§ What you need to do
Search the listing below for the string "rule" and copy every line where it occurs.

■ ■ ■ ■

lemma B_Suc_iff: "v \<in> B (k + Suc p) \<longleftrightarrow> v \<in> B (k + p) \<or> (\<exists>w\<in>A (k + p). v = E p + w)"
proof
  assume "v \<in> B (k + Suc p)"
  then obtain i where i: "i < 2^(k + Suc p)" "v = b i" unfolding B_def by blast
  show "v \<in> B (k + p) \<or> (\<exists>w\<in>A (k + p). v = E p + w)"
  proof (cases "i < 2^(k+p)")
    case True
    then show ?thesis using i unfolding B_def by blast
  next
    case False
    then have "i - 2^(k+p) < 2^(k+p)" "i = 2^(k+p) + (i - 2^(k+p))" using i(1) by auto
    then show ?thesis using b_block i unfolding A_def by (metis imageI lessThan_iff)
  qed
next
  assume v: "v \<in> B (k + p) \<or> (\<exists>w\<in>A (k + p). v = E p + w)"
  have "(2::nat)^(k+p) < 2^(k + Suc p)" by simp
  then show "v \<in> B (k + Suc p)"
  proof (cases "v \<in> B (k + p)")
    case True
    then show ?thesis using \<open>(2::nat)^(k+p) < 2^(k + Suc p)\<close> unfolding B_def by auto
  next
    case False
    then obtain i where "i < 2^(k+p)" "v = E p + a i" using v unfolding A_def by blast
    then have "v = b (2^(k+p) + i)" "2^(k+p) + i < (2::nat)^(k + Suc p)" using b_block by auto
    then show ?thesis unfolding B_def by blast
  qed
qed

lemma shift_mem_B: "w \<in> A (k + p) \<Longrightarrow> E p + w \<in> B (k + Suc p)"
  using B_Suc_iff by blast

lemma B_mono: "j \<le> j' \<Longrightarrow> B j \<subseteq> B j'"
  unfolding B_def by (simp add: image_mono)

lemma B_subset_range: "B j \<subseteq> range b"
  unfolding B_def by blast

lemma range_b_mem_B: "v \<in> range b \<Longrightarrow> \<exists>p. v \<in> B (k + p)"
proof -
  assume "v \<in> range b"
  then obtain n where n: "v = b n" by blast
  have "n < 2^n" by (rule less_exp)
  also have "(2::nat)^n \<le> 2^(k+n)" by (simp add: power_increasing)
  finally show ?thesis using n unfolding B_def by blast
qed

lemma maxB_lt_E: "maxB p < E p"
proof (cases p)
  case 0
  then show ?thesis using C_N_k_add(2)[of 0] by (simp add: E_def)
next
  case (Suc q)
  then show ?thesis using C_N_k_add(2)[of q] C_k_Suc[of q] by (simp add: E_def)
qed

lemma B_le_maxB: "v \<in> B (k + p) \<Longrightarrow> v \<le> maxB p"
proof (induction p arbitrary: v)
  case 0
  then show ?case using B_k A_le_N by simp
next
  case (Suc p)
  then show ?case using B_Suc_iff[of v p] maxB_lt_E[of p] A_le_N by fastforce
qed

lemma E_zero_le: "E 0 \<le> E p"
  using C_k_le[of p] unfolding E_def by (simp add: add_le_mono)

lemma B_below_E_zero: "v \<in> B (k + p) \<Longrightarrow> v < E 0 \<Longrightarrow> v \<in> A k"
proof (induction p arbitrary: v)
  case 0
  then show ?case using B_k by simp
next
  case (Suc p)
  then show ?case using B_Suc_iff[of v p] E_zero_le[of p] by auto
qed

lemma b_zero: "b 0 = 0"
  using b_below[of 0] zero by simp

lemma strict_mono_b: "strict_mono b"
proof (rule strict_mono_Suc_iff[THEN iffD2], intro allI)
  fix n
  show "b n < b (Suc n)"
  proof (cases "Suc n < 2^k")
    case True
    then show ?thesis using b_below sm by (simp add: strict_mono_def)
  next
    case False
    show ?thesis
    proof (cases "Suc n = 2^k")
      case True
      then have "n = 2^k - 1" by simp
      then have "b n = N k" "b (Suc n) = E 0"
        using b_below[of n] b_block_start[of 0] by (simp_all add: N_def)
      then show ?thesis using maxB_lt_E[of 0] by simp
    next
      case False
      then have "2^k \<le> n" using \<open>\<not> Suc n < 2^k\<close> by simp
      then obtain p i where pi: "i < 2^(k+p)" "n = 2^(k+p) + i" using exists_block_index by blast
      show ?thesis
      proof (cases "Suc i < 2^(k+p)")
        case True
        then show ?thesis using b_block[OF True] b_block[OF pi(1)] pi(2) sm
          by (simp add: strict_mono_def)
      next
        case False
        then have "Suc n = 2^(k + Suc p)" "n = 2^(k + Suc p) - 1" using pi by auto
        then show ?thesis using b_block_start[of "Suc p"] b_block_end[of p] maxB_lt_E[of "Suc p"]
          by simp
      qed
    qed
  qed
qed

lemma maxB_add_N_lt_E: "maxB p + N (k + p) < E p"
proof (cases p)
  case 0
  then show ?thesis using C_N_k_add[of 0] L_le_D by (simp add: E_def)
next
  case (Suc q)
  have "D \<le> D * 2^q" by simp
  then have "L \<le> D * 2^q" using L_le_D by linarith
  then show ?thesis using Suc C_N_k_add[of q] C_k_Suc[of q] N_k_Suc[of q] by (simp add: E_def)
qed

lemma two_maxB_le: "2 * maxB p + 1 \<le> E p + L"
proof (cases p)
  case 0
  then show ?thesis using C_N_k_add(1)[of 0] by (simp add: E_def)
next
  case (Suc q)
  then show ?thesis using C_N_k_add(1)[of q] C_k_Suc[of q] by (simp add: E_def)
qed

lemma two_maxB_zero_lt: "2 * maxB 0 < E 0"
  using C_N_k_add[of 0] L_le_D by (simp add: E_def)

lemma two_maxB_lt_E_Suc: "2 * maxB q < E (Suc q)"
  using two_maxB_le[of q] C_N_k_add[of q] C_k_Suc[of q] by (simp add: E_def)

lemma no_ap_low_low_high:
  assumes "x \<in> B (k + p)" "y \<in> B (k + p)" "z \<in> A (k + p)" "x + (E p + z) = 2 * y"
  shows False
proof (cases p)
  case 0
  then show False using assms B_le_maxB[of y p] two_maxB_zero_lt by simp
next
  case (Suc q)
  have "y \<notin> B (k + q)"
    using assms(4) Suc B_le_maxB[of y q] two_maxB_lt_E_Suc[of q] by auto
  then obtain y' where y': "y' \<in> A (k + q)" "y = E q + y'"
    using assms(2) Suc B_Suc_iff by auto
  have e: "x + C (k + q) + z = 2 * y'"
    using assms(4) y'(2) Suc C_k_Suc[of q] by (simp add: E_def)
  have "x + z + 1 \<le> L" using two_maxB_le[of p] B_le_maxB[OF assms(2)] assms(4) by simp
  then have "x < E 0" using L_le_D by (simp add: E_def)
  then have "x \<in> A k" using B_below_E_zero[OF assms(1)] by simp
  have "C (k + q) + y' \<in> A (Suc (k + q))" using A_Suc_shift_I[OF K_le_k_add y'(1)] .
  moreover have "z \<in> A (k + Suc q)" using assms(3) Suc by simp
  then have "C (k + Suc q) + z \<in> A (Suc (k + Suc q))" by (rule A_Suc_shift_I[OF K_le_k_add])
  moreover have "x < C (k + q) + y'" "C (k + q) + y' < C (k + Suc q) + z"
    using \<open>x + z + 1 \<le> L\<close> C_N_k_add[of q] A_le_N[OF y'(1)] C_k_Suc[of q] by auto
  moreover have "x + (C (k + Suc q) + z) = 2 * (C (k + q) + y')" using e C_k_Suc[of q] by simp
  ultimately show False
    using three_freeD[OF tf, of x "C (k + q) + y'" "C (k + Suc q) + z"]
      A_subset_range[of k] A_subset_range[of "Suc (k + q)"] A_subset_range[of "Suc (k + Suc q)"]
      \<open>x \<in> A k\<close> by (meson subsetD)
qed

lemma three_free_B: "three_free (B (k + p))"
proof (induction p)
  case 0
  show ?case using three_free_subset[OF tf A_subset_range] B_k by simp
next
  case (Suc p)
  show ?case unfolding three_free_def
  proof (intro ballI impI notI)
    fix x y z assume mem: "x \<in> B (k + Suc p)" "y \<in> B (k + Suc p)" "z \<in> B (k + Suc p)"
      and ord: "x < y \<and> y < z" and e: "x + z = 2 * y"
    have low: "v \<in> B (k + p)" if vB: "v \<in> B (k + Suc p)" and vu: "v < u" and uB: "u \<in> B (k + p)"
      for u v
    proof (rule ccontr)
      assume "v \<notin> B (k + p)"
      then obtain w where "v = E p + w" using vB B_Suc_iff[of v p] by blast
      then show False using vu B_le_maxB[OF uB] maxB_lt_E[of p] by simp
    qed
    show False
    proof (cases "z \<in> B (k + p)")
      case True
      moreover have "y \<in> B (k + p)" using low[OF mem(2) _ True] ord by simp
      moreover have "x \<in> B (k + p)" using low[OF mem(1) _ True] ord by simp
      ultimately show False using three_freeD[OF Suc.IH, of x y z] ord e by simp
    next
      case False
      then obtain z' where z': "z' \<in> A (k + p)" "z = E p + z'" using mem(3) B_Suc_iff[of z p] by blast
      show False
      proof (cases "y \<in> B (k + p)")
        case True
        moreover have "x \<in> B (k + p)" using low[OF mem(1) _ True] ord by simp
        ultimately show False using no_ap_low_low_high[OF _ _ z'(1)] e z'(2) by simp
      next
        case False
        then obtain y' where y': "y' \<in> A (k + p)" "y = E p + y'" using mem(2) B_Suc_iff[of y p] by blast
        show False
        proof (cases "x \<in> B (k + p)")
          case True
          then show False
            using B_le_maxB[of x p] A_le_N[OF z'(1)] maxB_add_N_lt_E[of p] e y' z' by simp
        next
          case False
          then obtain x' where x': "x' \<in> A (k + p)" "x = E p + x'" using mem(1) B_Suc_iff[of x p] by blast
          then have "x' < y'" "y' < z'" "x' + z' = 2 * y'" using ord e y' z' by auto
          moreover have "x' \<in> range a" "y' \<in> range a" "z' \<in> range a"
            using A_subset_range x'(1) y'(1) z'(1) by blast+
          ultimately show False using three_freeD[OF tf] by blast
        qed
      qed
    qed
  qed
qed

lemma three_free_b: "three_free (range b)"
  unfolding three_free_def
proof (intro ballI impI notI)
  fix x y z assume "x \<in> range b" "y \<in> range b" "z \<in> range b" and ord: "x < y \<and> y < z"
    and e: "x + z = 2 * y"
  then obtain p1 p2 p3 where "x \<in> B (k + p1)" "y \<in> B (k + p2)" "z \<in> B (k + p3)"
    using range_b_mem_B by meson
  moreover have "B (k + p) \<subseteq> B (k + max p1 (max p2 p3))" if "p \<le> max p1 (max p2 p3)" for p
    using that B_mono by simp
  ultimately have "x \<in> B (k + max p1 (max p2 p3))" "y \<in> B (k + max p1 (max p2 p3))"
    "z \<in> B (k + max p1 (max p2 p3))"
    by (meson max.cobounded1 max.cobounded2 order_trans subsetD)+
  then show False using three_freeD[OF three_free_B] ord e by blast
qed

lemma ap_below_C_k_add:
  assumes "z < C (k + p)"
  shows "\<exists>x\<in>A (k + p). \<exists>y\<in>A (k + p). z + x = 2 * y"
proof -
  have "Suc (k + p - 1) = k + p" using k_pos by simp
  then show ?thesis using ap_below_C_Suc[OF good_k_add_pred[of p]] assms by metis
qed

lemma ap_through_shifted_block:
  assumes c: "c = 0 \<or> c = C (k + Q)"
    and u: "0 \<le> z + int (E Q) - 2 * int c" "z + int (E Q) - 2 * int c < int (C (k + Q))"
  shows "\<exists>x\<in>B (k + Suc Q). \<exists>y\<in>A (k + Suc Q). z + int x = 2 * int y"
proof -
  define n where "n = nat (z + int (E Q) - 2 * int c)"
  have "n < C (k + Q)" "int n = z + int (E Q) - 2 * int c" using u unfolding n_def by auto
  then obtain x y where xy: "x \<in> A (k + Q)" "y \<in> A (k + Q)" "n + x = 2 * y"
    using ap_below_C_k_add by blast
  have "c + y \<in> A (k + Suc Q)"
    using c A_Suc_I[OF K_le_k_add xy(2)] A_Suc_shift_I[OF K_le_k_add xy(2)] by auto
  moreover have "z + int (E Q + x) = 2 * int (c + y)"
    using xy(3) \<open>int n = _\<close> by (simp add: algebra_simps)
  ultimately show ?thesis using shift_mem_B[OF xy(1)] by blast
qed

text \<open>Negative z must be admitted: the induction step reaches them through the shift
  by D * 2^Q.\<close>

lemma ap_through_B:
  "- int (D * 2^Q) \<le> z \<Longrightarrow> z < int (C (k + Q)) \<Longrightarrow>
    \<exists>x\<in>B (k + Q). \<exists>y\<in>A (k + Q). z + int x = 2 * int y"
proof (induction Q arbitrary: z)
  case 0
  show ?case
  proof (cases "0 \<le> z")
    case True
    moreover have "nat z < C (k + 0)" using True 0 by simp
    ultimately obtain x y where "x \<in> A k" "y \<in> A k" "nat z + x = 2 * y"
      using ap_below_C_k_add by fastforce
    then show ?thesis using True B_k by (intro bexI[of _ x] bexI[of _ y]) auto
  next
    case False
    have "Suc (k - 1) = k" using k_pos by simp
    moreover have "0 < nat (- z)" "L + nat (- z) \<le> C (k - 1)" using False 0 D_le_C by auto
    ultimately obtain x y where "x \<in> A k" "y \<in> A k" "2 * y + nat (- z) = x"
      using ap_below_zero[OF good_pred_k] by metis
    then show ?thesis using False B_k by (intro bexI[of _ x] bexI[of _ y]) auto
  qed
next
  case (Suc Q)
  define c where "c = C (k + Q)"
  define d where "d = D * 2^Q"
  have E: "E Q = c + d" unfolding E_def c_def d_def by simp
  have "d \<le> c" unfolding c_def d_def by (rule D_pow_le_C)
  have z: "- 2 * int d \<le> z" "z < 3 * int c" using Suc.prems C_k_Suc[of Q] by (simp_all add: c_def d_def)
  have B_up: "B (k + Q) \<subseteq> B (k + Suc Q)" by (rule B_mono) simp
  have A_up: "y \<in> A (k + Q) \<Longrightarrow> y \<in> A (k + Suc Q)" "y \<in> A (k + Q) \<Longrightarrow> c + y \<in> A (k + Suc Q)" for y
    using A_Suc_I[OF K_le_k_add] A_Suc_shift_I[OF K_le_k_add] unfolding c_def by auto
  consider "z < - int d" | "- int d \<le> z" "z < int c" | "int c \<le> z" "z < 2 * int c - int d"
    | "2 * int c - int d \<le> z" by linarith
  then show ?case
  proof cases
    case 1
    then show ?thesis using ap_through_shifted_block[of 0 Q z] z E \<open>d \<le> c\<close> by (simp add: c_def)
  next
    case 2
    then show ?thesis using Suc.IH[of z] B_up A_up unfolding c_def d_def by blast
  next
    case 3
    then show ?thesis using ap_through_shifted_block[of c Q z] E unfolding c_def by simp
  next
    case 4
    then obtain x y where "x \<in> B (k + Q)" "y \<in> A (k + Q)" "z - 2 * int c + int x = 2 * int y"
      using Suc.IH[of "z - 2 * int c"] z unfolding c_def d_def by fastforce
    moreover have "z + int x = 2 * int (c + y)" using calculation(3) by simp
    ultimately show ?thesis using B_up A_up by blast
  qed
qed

■ ■ ■ ■

§ Exercise response
  have "n < 2^n" by (rule less_exp)
proof (rule strict_mono_Suc_iff[THEN iffD2], intro allI)
  then have "C (k + Suc q) + z \<in> A (Suc (k + Suc q))" by (rule A_Suc_shift_I[OF K_le_k_add])
    proof (rule ccontr)
  have "d \<le> c" unfolding c_def d_def by (rule D_pow_le_C)
  have B_up: "B (k + Q) \<subseteq> B (k + Suc Q)" by (rule B_mono) simp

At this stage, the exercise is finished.